**TASK DETAILS:**
Look through the entries below for the string "open", and copy each line where it is found.

DATA PROVIDED Start Marker

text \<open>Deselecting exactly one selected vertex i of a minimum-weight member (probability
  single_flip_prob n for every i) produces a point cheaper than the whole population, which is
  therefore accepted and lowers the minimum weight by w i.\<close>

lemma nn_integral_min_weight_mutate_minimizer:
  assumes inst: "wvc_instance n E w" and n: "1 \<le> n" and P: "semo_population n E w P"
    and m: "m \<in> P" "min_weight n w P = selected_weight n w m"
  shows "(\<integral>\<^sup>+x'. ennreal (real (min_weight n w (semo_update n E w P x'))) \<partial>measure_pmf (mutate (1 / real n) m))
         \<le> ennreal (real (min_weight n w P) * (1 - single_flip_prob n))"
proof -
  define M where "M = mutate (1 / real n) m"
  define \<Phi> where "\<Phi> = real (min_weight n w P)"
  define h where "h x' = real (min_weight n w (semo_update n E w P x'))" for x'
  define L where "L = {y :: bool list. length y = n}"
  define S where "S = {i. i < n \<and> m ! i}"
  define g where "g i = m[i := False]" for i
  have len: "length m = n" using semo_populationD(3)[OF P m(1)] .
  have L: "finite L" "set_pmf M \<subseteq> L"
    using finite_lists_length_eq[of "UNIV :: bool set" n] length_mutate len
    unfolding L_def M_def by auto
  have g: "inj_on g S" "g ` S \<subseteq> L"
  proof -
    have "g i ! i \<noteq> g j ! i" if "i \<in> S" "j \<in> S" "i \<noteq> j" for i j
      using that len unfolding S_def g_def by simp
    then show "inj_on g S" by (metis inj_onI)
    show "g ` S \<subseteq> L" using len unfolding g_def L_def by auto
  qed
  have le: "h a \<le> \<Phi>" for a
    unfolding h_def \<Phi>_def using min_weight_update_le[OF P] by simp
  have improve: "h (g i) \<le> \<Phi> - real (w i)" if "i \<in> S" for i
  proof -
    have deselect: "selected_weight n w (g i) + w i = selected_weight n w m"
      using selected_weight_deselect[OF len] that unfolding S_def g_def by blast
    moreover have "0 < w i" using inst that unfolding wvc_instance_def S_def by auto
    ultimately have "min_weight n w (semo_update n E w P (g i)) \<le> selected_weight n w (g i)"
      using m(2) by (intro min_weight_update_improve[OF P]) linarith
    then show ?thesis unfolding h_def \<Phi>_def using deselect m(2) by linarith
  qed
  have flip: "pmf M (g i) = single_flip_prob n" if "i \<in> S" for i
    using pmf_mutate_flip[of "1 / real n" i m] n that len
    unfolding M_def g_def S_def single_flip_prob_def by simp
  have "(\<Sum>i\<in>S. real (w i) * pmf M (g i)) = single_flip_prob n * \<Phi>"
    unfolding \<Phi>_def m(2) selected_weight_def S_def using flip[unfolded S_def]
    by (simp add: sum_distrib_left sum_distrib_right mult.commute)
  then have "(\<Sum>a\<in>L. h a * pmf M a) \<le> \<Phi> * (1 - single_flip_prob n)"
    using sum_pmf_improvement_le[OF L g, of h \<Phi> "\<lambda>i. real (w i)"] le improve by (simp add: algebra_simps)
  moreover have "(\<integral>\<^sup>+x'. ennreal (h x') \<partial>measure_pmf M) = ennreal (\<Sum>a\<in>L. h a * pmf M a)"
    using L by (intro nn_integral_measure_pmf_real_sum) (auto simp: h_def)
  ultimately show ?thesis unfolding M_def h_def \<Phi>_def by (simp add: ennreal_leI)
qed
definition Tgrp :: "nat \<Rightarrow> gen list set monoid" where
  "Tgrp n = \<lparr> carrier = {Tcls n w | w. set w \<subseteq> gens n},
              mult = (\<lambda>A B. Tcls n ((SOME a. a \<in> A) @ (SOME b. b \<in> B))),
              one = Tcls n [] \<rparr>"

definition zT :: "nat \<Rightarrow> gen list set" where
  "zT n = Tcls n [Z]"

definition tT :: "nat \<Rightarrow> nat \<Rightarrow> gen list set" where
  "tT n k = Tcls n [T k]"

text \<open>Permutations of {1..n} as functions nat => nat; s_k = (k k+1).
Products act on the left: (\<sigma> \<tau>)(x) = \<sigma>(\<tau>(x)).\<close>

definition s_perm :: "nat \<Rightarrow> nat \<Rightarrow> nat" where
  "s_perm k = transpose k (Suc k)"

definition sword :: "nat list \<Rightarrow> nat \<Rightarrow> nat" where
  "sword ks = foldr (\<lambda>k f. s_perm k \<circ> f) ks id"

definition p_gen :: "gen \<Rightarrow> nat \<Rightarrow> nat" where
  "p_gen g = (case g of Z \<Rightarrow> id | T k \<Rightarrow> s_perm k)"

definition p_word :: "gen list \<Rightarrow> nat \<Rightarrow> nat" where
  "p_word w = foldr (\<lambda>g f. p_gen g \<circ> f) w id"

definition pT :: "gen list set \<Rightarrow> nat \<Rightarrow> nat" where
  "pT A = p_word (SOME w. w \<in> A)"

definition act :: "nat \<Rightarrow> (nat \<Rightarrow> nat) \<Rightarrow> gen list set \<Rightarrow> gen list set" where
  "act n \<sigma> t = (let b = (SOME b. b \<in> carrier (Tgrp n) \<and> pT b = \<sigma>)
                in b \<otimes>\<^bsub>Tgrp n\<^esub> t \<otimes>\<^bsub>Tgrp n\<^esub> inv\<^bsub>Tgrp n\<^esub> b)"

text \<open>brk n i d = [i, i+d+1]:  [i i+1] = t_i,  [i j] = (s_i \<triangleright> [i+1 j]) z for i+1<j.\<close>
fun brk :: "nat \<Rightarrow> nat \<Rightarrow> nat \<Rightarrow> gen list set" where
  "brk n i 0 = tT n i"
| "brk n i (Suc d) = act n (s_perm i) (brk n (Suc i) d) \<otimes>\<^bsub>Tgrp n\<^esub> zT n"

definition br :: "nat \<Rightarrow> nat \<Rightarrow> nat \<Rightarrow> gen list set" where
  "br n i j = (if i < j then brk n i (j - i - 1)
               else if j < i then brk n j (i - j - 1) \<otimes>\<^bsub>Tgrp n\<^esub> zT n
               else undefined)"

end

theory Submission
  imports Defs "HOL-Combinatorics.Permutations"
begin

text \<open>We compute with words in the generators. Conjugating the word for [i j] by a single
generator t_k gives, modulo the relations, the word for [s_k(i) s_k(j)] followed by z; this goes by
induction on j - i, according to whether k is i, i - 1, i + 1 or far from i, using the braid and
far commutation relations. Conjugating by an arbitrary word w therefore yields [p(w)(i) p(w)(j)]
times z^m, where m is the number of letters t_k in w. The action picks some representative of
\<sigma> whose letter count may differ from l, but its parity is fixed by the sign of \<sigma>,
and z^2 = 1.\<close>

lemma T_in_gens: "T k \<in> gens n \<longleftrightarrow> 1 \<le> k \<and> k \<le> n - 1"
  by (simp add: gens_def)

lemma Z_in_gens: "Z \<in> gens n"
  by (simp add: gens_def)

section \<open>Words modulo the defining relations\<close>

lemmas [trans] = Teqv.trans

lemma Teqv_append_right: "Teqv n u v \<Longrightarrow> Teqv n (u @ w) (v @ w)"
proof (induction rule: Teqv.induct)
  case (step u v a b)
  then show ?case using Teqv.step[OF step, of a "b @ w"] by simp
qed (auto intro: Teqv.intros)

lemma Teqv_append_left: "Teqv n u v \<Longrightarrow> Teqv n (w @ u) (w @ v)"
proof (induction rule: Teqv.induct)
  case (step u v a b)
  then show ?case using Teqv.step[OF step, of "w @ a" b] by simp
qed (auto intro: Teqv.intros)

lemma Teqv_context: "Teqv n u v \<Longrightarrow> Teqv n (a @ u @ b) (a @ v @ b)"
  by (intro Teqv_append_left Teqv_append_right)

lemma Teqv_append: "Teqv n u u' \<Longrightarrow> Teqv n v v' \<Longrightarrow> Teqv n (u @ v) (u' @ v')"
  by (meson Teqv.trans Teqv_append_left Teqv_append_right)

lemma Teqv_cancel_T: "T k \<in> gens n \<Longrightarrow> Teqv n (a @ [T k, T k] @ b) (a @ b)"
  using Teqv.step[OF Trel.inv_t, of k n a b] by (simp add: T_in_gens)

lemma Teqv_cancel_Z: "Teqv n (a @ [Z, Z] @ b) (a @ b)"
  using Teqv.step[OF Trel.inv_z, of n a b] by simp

DATA PROVIDED End Marker

**RESPONSE:**
text \<open>Deselecting exactly one selected vertex i of a minimum-weight member (probability
text \<open>Permutations of {1..n} as functions nat => nat; s_k = (k k+1).
text \<open>brk n i d = [i, i+d+1]:  [i i+1] = t_i,  [i j] = (s_i \<triangleright> [i+1 j]) z for i+1<j.\<close>
text \<open>We compute with words in the generators. Conjugating the word for [i j] by a single
section \<open>Words modulo the defining relations\<close>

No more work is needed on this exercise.